-- Instructions to follow --
Go through the records and count the lines where the string "iffI" occurs. Reply with the number only.

-- Records for this task --
(* Let $S(t,p,q,x,y,u,v)=\sum_{\pi}t^{|\pi|}p^{\mathrm{asc}(\pi)}q^{\mathrm{des}(\pi)}x^{\mathrm{lmax}(\pi)}y^{\mathrm{rmax}(\pi)}u^{\mathrm{lmin}(\pi)}v^{\mathrm{rmin}(\pi)}$ over all separable permutations and $I(t,p,q,x,y,u,v)$ the same sum over irreducible separable permutations. Then $$S(t,p,q,x,y,u,v)-I(t,p,q,x,y,u,v)=p\,I(t,p,q,x,1,u,v)\,S(t,p,q,x,y,1,v)=p\,I(t,p,q,x,y,1,v)\,S(t,p,q,x,1,u,v).$$
   Context: A permutation of length $n$ is a word $\pi=\pi_1\cdots\pi_n$ containing each element of $[n]$ exactly once; $|\pi|=n$. For $\pi$ of length $m$, $\sigma$ of length $n$: $\pi\oplus\sigma=\pi_1\cdots\pi_m(\sigma_1+m)\cdots(\sigma_n+m)$, $\pi\ominus\sigma=(\pi_1+n)\cdots(\pi_m+n)\sigma_1\cdots\sigma_n$. Separable permutations are those of length $\ge1$ obtained from $1$ by repeatedly applying $\oplus,\ominus$ (equivalently, avoiding $2413$ and $3142$). The permutation $1$ is irreducible; a permutation of length $n\ge2$ is irreducible if there is no $i$, $2\le i\le n$, such that every element of $\pi_1\cdots\pi_{i-1}$ is less than every element of $\pi_i\cdots\pi_n$. $\mathrm{asc}(\pi)=\#\{i<n:\pi_i<\pi_{i+1}\}$, $\mathrm{des}(\pi)=\#\{i<n:\pi_i>\pi_{i+1}\}$; $\pi_i$ is a left-to-right maximum (minimum) if $\pi_i>\pi_j$ ($\pi_i<\pi_j$) for all $j<i$, a right-to-left maximum (minimum) if $\pi_i>\pi_j$ ($\pi_i<\pi_j$) for all $j>i$; $\mathrm{lmax},\mathrm{lmin},\mathrm{rmax},\mathrm{rmin}$ count these. (The paper writes $I(t,p,q,x,u,v)$ etc., omitting arguments equal to $1$.) *)

theory Defs
  imports "HOL-Computational_Algebra.Formal_Power_Series"
begin

text \<open>Permutations are lists of naturals; a permutation of length n is a list
containing each element of {1..n} exactly once.\<close>

definition oplus :: "nat list \<Rightarrow> nat list \<Rightarrow> nat list" where
  "oplus \<pi> \<sigma> = \<pi> @ map (\<lambda>s. s + length \<pi>) \<sigma>"

definition ominus :: "nat list \<Rightarrow> nat list \<Rightarrow> nat list" where
  "ominus \<pi> \<sigma> = map (\<lambda>s. s + length \<sigma>) \<pi> @ \<sigma>"

inductive separable :: "nat list \<Rightarrow> bool" where
  one: "separable [1]"
| plus: "separable \<pi> \<Longrightarrow> separable \<sigma> \<Longrightarrow> separable (oplus \<pi> \<sigma>)"
| minus: "separable \<pi> \<Longrightarrow> separable \<sigma> \<Longrightarrow> separable (ominus \<pi> \<sigma>)"

text \<open>For [1] this is vacuous, matching the convention that 1 is irreducible.\<close>
definition irreducible_perm :: "nat list \<Rightarrow> bool" where
  "irreducible_perm \<pi> \<longleftrightarrow>
     \<not> (\<exists>i. 1 \<le> i \<and> i < length \<pi> \<and>
            (\<forall>a\<in>set (take i \<pi>). \<forall>b\<in>set (drop i \<pi>). a < b))"

definition asc :: "nat list \<Rightarrow> nat" where
  "asc \<pi> = card {i. i + 1 < length \<pi> \<and> \<pi> ! i < \<pi> ! (i + 1)}"

definition des :: "nat list \<Rightarrow> nat" where
  "des \<pi> = card {i. i + 1 < length \<pi> \<and> \<pi> ! i > \<pi> ! (i + 1)}"

definition lmax :: "nat list \<Rightarrow> nat" where
  "lmax \<pi> = card {i. i < length \<pi> \<and> (\<forall>j<i. \<pi> ! i > \<pi> ! j)}"

definition lmin :: "nat list \<Rightarrow> nat" where
  "lmin \<pi> = card {i. i < length \<pi> \<and> (\<forall>j<i. \<pi> ! i < \<pi> ! j)}"

definition rmax :: "nat list \<Rightarrow> nat" where
  "rmax \<pi> = card {i. i < length \<pi> \<and> (\<forall>j. i < j \<and> j < length \<pi> \<longrightarrow> \<pi> ! i > \<pi> ! j)}"

definition rmin :: "nat list \<Rightarrow> nat" where
  "rmin \<pi> = card {i. i < length \<pi> \<and> (\<forall>j. i < j \<and> j < length \<pi> \<longrightarrow> \<pi> ! i < \<pi> ! j)}"

definition perm_weight :: "'a::comm_ring_1 \<Rightarrow> 'a \<Rightarrow> 'a \<Rightarrow> 'a \<Rightarrow> 'a \<Rightarrow> 'a \<Rightarrow> nat list \<Rightarrow> 'a" where
  "perm_weight p q x y u v \<pi> =
     p ^ asc \<pi> * q ^ des \<pi> * x ^ lmax \<pi> * y ^ rmax \<pi> * u ^ lmin \<pi> * v ^ rmin \<pi>"

text \<open>Generating functions as formal power series in t (t^n marks length n),
with the remaining variables specialised to arbitrary elements of a commutative ring.\<close>
definition S_gf :: "'a::comm_ring_1 \<Rightarrow> 'a \<Rightarrow> 'a \<Rightarrow> 'a \<Rightarrow> 'a \<Rightarrow> 'a \<Rightarrow> 'a fps" where
  "S_gf p q x y u v = Abs_fps (\<lambda>n.
     \<Sum>\<pi>\<in>{\<pi>. separable \<pi> \<and> length \<pi> = n}. perm_weight p q x y u v \<pi>)"

definition I_gf :: "'a::comm_ring_1 \<Rightarrow> 'a \<Rightarrow> 'a \<Rightarrow> 'a \<Rightarrow> 'a \<Rightarrow> 'a \<Rightarrow> 'a fps" where
  "I_gf p q x y u v = Abs_fps (\<lambda>n.
     \<Sum>\<pi>\<in>{\<pi>. separable \<pi> \<and> irreducible_perm \<pi> \<and> length \<pi> = n}. perm_weight p q x y u v \<pi>)"

end

theory Submission
  imports Defs
begin

text \<open>
A separable permutation that is not irreducible is a direct sum \<open>\<alpha> \<oplus> \<beta>\<close>. Splitting at
the first split point makes \<open>\<alpha>\<close> irreducible, splitting at the last one makes \<open>\<beta>\<close>
irreducible, and in either case the decomposition is unique; existence follows by induction
on separability, since a skew sum \<open>\<alpha> \<ominus> \<beta>\<close> is always irreducible. Passing from \<open>\<alpha>\<close> and
\<open>\<beta>\<close> to \<open>\<alpha> \<oplus> \<beta>\<close>, ascents add up with one extra ascent at the junction, descents,
left-to-right maxima and right-to-left minima add up, left-to-right minima all lie in \<open>\<alpha>\<close>
and right-to-left maxima all lie in \<open>\<beta>\<close>. So the weight of \<open>\<alpha> \<oplus> \<beta>\<close> is \<open>p\<close> times the
weight of \<open>\<alpha>\<close> at \<open>y = 1\<close> times the weight of \<open>\<beta>\<close> at \<open>u = 1\<close>, and summing over the two
bijections gives the two factorisations.
\<close>

lemma card_positions_append:
  "card {i. i < length (xs @ ys) \<and> P (take i (xs @ ys)) ((xs @ ys) ! i) (drop (Suc i) (xs @ ys))}
     = card {i. i < length xs \<and> P (take i xs) (xs ! i) (drop (Suc i) xs @ ys)}
     + card {k. k < length ys \<and> P (xs @ take k ys) (ys ! k) (drop (Suc k) ys)}"
  (is "card ?AB = card ?A + card ?B")
proof -
  have "?AB = ?A \<union> (\<lambda>k. length xs + k) ` ?B"
  proof (intro set_eqI iffI)
    fix i assume "i \<in> ?AB"
    then show "i \<in> ?A \<union> (\<lambda>k. length xs + k) ` ?B"
      by (cases "i < length xs")
         (auto simp: nth_append image_iff Suc_diff_le intro!: exI[of _ "i - length xs"])
  qed (auto simp: nth_append)
  moreover have "card (?A \<union> (\<lambda>k. length xs + k) ` ?B) = card ?A + card ?B"
    by (subst card_Un_disjoint) (auto simp: card_image)
  ultimately show ?thesis by simp
qed

lemma set_take_conv_nth: "i \<le> length xs \<Longrightarrow> set (take i xs) = (!) xs ` {..<i}"
  by (simp add: nth_image atLeast0LessThan[symmetric])

lemma set_drop_conv_nth: "set (drop i xs) = (!) xs ` {i..<length xs}"
proof (intro set_eqI iffI)
  fix a assume "a \<in> (!) xs ` {i..<length xs}"
  then obtain j where "i \<le> j" "j < length xs" "a = xs ! j" by auto
  then show "a \<in> set (drop i xs)"
    by (auto simp: in_set_conv_nth intro!: exI[of _ "j - i"])
qed (auto simp: in_set_conv_nth)

text \<open>
Each statistic counts the positions satisfying a condition on the prefix before, the entry
at, and the suffix after the position; this makes its behaviour under concatenation uniform.
\<close>

lemma lmax_conv_take: "lmax \<pi> = card {i. i < length \<pi> \<and> (\<forall>a\<in>set (take i \<pi>). a < \<pi> ! i)}"
  unfolding lmax_def by (rule arg_cong[where f = card]) (auto simp: set_take_conv_nth)

lemma lmin_conv_take: "lmin \<pi> = card {i. i < length \<pi> \<and> (\<forall>a\<in>set (take i \<pi>). \<pi> ! i < a)}"
  unfolding lmin_def by (rule arg_cong[where f = card]) (auto simp: set_take_conv_nth)

lemma rmax_conv_drop: "rmax \<pi> = card {i. i < length \<pi> \<and> (\<forall>b\<in>set (drop (Suc i) \<pi>). b < \<pi> ! i)}"
  unfolding rmax_def set_drop_conv_nth by (rule arg_cong[where f = card]) auto

lemma rmin_conv_drop: "rmin \<pi> = card {i. i < length \<pi> \<and> (\<forall>b\<in>set (drop (Suc i) \<pi>). \<pi> ! i < b)}"
  unfolding rmin_def set_drop_conv_nth by (rule arg_cong[where f = card]) auto

lemma asc_conv_drop:
  "asc \<pi> = card {i. i < length \<pi> \<and> (drop (Suc i) \<pi> \<noteq> [] \<and> \<pi> ! i < hd (drop (Suc i) \<pi>))}"
  unfolding asc_def by (rule arg_cong[where f = card]) (auto simp: hd_drop_conv_nth)

lemma des_conv_drop:
  "des \<pi> = card {i. i < length \<pi> \<and> (drop (Suc i) \<pi> \<noteq> [] \<and> hd (drop (Suc i) \<pi>) < \<pi> ! i)}"
  unfolding des_def by (rule arg_cong[where f = card]) (auto simp: hd_drop_conv_nth)

context
  fixes A B :: "nat list"
  assumes A_ne: "A \<noteq> []" and B_ne: "B \<noteq> []" and A_less_B: "\<forall>a\<in>set A. \<forall>b\<in>set B. a < b"
begin

lemma lmax_append_less: "lmax (A @ B) = lmax A + lmax B"
proof -
  have "{k. k < length B \<and> (\<forall>a\<in>set (A @ take k B). a < B ! k)}
      = {k. k < length B \<and> (\<forall>a\<in>set (take k B). a < B ! k)}"
    using A_less_B by (auto simp: nth_mem)
  then show ?thesis
    using card_positions_append[where P = "\<lambda>pre e suf. \<forall>a\<in>set pre. a < e" and xs = A and ys = B]
    by (simp only: lmax_conv_take)
qed

lemma lmin_append_less: "lmin (A @ B) = lmin A"
proof -
  have "\<exists>a\<in>set (A @ take k B). \<not> B ! k < a" if "k < length B" for k
    using A_ne A_less_B that by (intro bexI[of _ "hd A"]) (auto simp: less_not_sym nth_mem)
  then have "{k. k < length B \<and> (\<forall>a\<in>set (A @ take k B). B ! k < a)} = {}"
    by auto
  then show ?thesis
    using card_positions_append[where P = "\<lambda>pre e suf. \<forall>a\<in>set pre. e < a" and xs = A and ys = B]
    by (simp only: lmin_conv_take card.empty add_0_right)
qed

lemma rmax_append_less: "rmax (A @ B) = rmax B"
proof -
  have "\<exists>b\<in>set (drop (Suc i) A @ B). \<not> b < A ! i" if "i < length A" for i
    using B_ne A_less_B that by (intro bexI[of _ "hd B"]) (auto simp: less_not_sym nth_mem)
  then have "{i. i < length A \<and> (\<forall>b\<in>set (drop (Suc i) A @ B). b < A ! i)} = {}"
    by auto
  then show ?thesis
    using card_positions_append[where P = "\<lambda>pre e suf. \<forall>b\<in>set suf. b < e" and xs = A and ys = B]
    by (simp only: rmax_conv_drop card.empty add_0)
qed

lemma rmin_append_less: "rmin (A @ B) = rmin A + rmin B"
proof -
  have "{i. i < length A \<and> (\<forall>b\<in>set (drop (Suc i) A @ B). A ! i < b)}
      = {i. i < length A \<and> (\<forall>b\<in>set (drop (Suc i) A). A ! i < b)}"
    using A_less_B by (auto simp: nth_mem)
  then show ?thesis
    using card_positions_append[where P = "\<lambda>pre e suf. \<forall>b\<in>set suf. e < b" and xs = A and ys = B]
    by (simp only: rmin_conv_drop)
qed

lemma asc_append_less: "asc (A @ B) = asc A + asc B + 1"
proof -
  let ?asc_A = "{i. i < length A \<and> (drop (Suc i) A \<noteq> [] \<and> A ! i < hd (drop (Suc i) A))}"
  have "(drop (Suc i) A @ B \<noteq> [] \<and> A ! i < hd (drop (Suc i) A @ B))
      \<longleftrightarrow> i = length A - 1 \<or> (drop (Suc i) A \<noteq> [] \<and> A ! i < hd (drop (Suc i) A))"
    if "i < length A" for i
  proof (cases "Suc i < length A")
    case False
    then have "i = length A - 1" "drop (Suc i) A = []" using that by auto
    then show ?thesis using A_less_B B_ne that by (simp add: nth_mem)
  qed auto
  moreover have "length A - 1 < length A"
    using A_ne by simp
  ultimately have "{i. i < length A \<and> (drop (Suc i) A @ B \<noteq> [] \<and> A ! i < hd (drop (Suc i) A @ B))}
      = insert (length A - 1) ?asc_A"
    by blast
  moreover have "card (insert (length A - 1) ?asc_A) = card ?asc_A + 1"
    by (subst card_insert_disjoint) (auto intro: finite_subset[of _ "{..<length A}"])
  ultimately show ?thesis
    using card_positions_append[where P = "\<lambda>pre e suf. suf \<noteq> [] \<and> e < hd suf" and xs = A and ys = B]
    by (simp only: asc_conv_drop)
qed

lemma des_append_less: "des (A @ B) = des A + des B"
proof -
  have "(drop (Suc i) A @ B \<noteq> [] \<and> hd (drop (Suc i) A @ B) < A ! i)
      \<longleftrightarrow> (drop (Suc i) A \<noteq> [] \<and> hd (drop (Suc i) A) < A ! i)"
    if "i < length A" for i
  proof (cases "Suc i < length A")
    case False
    then have "drop (Suc i) A = []" by simp
    then show ?thesis using A_less_B B_ne that by (simp add: less_not_sym nth_mem)
  qed simp
  then have "{i. i < length A \<and> (drop (Suc i) A @ B \<noteq> [] \<and> hd (drop (Suc i) A @ B) < A ! i)}
      = {i. i < length A \<and> (drop (Suc i) A \<noteq> [] \<and> hd (drop (Suc i) A) < A ! i)}"
    by auto
  then show ?thesis
    using card_positions_append[where P = "\<lambda>pre e suf. suf \<noteq> [] \<and> hd suf < e" and xs = A and ys = B]
    by (simp only: des_conv_drop)
qed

-- Answer for this exercise --
2